▶ **Collected data entries**:
(* Let $1<p<\infty$ and $p'=p/(p-1)$. For every integrable $f$ on $Q_0$, \[ \|f\|_{GaRo_p}\le p'\,\|f\|_{GaRo_{L(p,\infty)}}. \] In particular $GaRo_{L(p,\infty)}\subset GaRo_p$.
   Context: $Q_0=(0,1)^n$; cubes are subcubes of $Q_0$ with sides parallel to the axes. $P$ is the set of countable families $\{Q_i\}_{i\in I}$ of subcubes of $Q_0$ with pairwise disjoint interiors. $f^*$ denotes the decreasing rearrangement; $\|\gamma\|_{L(p,\infty)}=\sup_{s>0}s^{1/p}\gamma^*(s)$. $\|f\|_{GaRo_p}=\sup_{\{Q_i\}\in P}\frac{\sum_{i}\frac1{|Q_i|}\int_{Q_i}\int_{Q_i}|f(x)-f(y)|\,dx\,dy}{(\sum_i|Q_i|)^{1/p'}}$. For an r.i. space $X$, $\Gamma_f^X$ is the set of $\gamma\in X$ such that for all $\{Q_i\}\in P$, $\sum_{i}\frac1{|Q_i|}\int_{Q_i}\int_{Q_i}|f(x)-f(y)|\,dx\,dy\le\sum_i\int_{Q_i}\gamma$, and $\|f\|_{GaRo_X}=\inf\{\|\gamma\|_X:\gamma\in\Gamma_f^X\}$ (infinite if $\Gamma_f^X=\emptyset$). *)

theory Defs
  imports "HOL-Analysis.Analysis"
begin

definition Q0 :: "'a::euclidean_space set" where
  "Q0 = box 0 One"

text \<open>Subcubes of Q0 with sides parallel to the axes (taken open; boundaries are null sets).\<close>
definition is_cube :: "'a::euclidean_space set \<Rightarrow> bool" where
  "is_cube Q \<longleftrightarrow> (\<exists>a h. h > 0 \<and> Q = box a (a + h *\<^sub>R One)) \<and> Q \<subseteq> Q0"

definition cube_families :: "'a::euclidean_space set set set" where
  "cube_families = {F. countable F \<and> (\<forall>Q\<in>F. is_cube Q) \<and> pairwise disjnt F}"

definition fam_sum :: "'b set \<Rightarrow> ('b \<Rightarrow> ennreal) \<Rightarrow> ennreal" where
  "fam_sum F g = (\<integral>\<^sup>+ Q. g Q \<partial>count_space F)"

definition osc :: "('a::euclidean_space \<Rightarrow> real) \<Rightarrow> 'a set \<Rightarrow> ennreal" where
  "osc f Q = (\<integral>\<^sup>+ x\<in>Q. (\<integral>\<^sup>+ y\<in>Q. ennreal \<bar>f x - f y\<bar> \<partial>lborel) \<partial>lborel) / emeasure lborel Q"

definition conj_exp :: "real \<Rightarrow> real" where
  "conj_exp p = p / (p - 1)"

definition GaRo_p :: "real \<Rightarrow> ('a::euclidean_space \<Rightarrow> real) \<Rightarrow> ennreal" where
  "GaRo_p p f = (SUP F\<in>cube_families.
      fam_sum F (osc f) /
      ennreal ((enn2real (fam_sum F (emeasure lborel))) powr (1 / conj_exp p)))"
text \<open>
  Absolute convergence comes from the same identities at the point norm q, where all terms
  are nonnegative reals.
\<close>
lemma has_sum_power_Union_incseq:
  fixes w :: "'a \<Rightarrow> nat" and s :: "complex \<Rightarrow> nat \<Rightarrow> complex"
  assumes "incseq X"
    and sums: "\<And>x N. norm x < 1 \<Longrightarrow> ((\<lambda>p. x ^ w p) has_sum s x N) (X N)"
    and lim: "\<And>x. norm x < 1 \<Longrightarrow> s x \<longlonglongrightarrow> S x"
    and "norm q < 1"
  shows "((\<lambda>p. q ^ w p) has_sum S q) (\<Union>N. X N)"
proof -
  define r where "r = complex_of_real (norm q)"
  have "norm r < 1"
    using assms(4) by (simp add: r_def)
  have norms: "((\<lambda>p. norm (q ^ w p)) has_sum Re (s r N)) (X N)" for N
    using has_sum_Re[OF sums[OF \<open>norm r < 1\<close>, of N]]
    by (simp add: r_def norm_power flip: of_real_power)
  have "Bseq (\<lambda>N. Re (s r N))"
    using tendsto_Re[OF lim[OF \<open>norm r < 1\<close>]] by (intro convergent_imp_Bseq convergentI)
  then obtain B where "\<forall>N. norm (Re (s r N)) \<le> B"
    by (auto elim: BseqE)
  then have "Re (s r N) \<le> B" for N
    by (metis abs_le_D1 real_norm_def)
  then have "(\<lambda>p. norm (q ^ w p)) summable_on (\<Union>N. X N)"
    by (rule abs_summable_on_Union_incseq[OF \<open>incseq X\<close> norms])
  then have "(\<lambda>p. q ^ w p) summable_on (\<Union>N. X N)"
    by (rule abs_summable_summable)
  then show ?thesis
    by (rule has_sum_Union_incseq[OF \<open>incseq X\<close> _ sums[OF assms(4)] lim[OF assms(4)]])
qed

lemma odd_ge_eq_Union:
  fixes m :: nat
  shows "{t. odd t \<and> 2 * m + 1 \<le> t} = (\<Union>N. (\<lambda>j. 2 * (m + j) + 1) ` {..<N})"
proof (intro equalityI subsetI)
  fix t :: nat assume "t \<in> {t. odd t \<and> 2 * m + 1 \<le> t}"
  then have "t = 2 * (m + (t div 2 - m)) + 1"
    by (auto elim!: oddE)
  then show "t \<in> (\<Union>N. (\<lambda>j. 2 * (m + j) + 1) ` {..<N})"
    by (intro UN_I[of "Suc (t div 2 - m)"] rev_image_eqI[of "t div 2 - m"]) auto
qed auto

lemma prod_odd_parts_eq_qpoch:
  fixes q :: complex
  shows "(\<Prod>t\<in>(\<lambda>j. 2 * (m + j) + 1) ` {..<N}. (1 + q ^ t) / (1 - q ^ t)) =
    qpoch (-(q ^ (2 * m + 1))) (q ^ 2) N / qpoch (q ^ (2 * m + 1)) (q ^ 2) N"
proof -
  have "inj_on (\<lambda>j. 2 * (m + j) + 1) {..<N}"
    by (auto simp: inj_on_def)
  then have "(\<Prod>t\<in>(\<lambda>j. 2 * (m + j) + 1) ` {..<N}. (1 + q ^ t) / (1 - q ^ t)) =
      (\<Prod>j<N. (1 + q ^ (2 * (m + j) + 1)) / (1 - q ^ (2 * (m + j) + 1)))"
    by (simp add: prod.reindex)
  also have "\<dots> = (\<Prod>j<N. (1 - (-(q ^ (2 * m + 1))) * (q ^ 2) ^ j) / (1 - q ^ (2 * m + 1) * (q ^ 2) ^ j))"
    by (simp add: power_add power_mult[symmetric] algebra_simps)
  finally show ?thesis
    by (simp add: qpoch_def prod_dividef)
qed

lemma power_sum_mset_has_sum_overpartitions_odd:
  fixes q :: complex
  assumes "norm q < 1"
  shows "((\<lambda>p. q ^ sum_mset (fst p)) has_sum
      qpoch_inf (-(q ^ (2 * m + 1))) (q ^ 2) / qpoch_inf (q ^ (2 * m + 1)) (q ^ 2))
    (overpartitions_in {t. odd t \<and> 2 * m + 1 \<le> t})"
proof -
  define T where "T N = (\<lambda>j. 2 * (m + j) + 1) ` {..<N}" for N
  have "incseq T"
    unfolding T_def by (intro monoI image_mono) auto
  then have "incseq (\<lambda>N. overpartitions_in (T N))"
    by (intro monoI overpartitions_in_mono) (auto dest: monoD)
  moreover have "((\<lambda>p. x ^ sum_mset (fst p)) has_sum
      qpoch (-(x ^ (2 * m + 1))) (x ^ 2) N / qpoch (x ^ (2 * m + 1)) (x ^ 2) N) (overpartitions_in (T N))"
    if "norm x < 1" for x N
    unfolding prod_odd_parts_eq_qpoch[symmetric] T_def
    using that by (intro power_sum_mset_has_sum_overpartitions_in) auto
  moreover have "(\<lambda>N. qpoch (-(x ^ (2 * m + 1))) (x ^ 2) N / qpoch (x ^ (2 * m + 1)) (x ^ 2) N)
      \<longlonglongrightarrow> qpoch_inf (-(x ^ (2 * m + 1))) (x ^ 2) / qpoch_inf (x ^ (2 * m + 1)) (x ^ 2)"
    if "norm x < 1" for x
  proof -
    have "norm (x ^ (2 * m + 1)) < 1" "norm (x ^ 2) < 1"
      using that by (rule norm_power_less_one, simp)+
    then show ?thesis
      by (intro tendsto_divide qpoch_tendsto_qpoch_inf qpoch_inf_nonzero) simp_all
  qed
  ultimately show ?thesis
    unfolding odd_ge_eq_Union[of m] T_def[symmetric] overpartitions_in_Union_incseq[OF \<open>incseq T\<close>]
    using assms by (rule has_sum_power_Union_incseq)
qed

▶ **Task instructions**: Tell how many lines in the data hold the string "lborel", giving the number by itself.

▶ **Solution for this task**: 2